[Stored data entries]
◆ ◆ ◆ ◆ ◆ ◆ ◆
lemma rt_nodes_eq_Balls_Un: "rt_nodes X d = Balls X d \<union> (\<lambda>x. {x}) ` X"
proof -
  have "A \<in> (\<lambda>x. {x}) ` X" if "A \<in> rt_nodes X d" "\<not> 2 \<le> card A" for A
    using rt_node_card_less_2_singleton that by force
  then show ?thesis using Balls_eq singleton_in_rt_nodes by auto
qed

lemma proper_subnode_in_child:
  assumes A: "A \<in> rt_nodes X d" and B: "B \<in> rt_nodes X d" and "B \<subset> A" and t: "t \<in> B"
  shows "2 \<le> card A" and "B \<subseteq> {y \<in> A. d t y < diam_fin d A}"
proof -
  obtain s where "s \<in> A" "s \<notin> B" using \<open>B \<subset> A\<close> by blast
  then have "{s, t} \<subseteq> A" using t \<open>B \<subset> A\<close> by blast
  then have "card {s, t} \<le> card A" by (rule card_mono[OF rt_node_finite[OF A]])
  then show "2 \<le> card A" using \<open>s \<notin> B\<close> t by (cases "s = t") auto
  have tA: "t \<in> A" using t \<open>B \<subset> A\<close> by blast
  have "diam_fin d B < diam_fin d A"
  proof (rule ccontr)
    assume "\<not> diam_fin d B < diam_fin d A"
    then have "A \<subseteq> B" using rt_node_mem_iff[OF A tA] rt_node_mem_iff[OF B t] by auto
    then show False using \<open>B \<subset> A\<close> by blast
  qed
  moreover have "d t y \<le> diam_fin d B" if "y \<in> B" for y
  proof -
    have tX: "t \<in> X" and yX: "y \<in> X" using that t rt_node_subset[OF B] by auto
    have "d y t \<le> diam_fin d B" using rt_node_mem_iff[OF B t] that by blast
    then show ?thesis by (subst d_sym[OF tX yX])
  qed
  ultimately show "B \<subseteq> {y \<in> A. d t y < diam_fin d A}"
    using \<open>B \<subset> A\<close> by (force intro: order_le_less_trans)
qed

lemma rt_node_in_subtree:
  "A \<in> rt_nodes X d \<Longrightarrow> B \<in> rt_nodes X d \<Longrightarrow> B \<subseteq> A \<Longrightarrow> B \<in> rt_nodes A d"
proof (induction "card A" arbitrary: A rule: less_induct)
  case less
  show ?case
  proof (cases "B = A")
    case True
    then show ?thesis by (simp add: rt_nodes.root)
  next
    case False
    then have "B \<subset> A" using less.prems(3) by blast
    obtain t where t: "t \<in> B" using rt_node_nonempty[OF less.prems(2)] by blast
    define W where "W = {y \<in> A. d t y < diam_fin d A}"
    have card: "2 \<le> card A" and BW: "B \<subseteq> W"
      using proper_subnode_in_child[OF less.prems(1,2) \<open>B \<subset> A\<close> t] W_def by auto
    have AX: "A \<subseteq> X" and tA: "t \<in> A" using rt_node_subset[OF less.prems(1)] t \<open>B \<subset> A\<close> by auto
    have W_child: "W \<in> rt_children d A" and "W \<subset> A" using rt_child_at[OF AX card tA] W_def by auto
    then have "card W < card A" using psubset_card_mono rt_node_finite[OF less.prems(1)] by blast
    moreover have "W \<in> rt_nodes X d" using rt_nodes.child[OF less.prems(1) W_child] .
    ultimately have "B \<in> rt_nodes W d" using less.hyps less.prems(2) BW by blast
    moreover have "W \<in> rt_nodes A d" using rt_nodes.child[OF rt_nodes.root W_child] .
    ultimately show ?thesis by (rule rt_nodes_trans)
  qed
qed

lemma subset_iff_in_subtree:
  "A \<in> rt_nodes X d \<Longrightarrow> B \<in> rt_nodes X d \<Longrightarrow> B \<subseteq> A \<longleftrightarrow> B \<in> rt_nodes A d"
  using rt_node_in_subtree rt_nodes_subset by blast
◆ ◆ ◆ ◆ ◆ ◆ ◆
◆ **What this task involves**: Throughout the data above, find each line that includes the string "False"; state only how many there are.

◆ **Task solution**: 2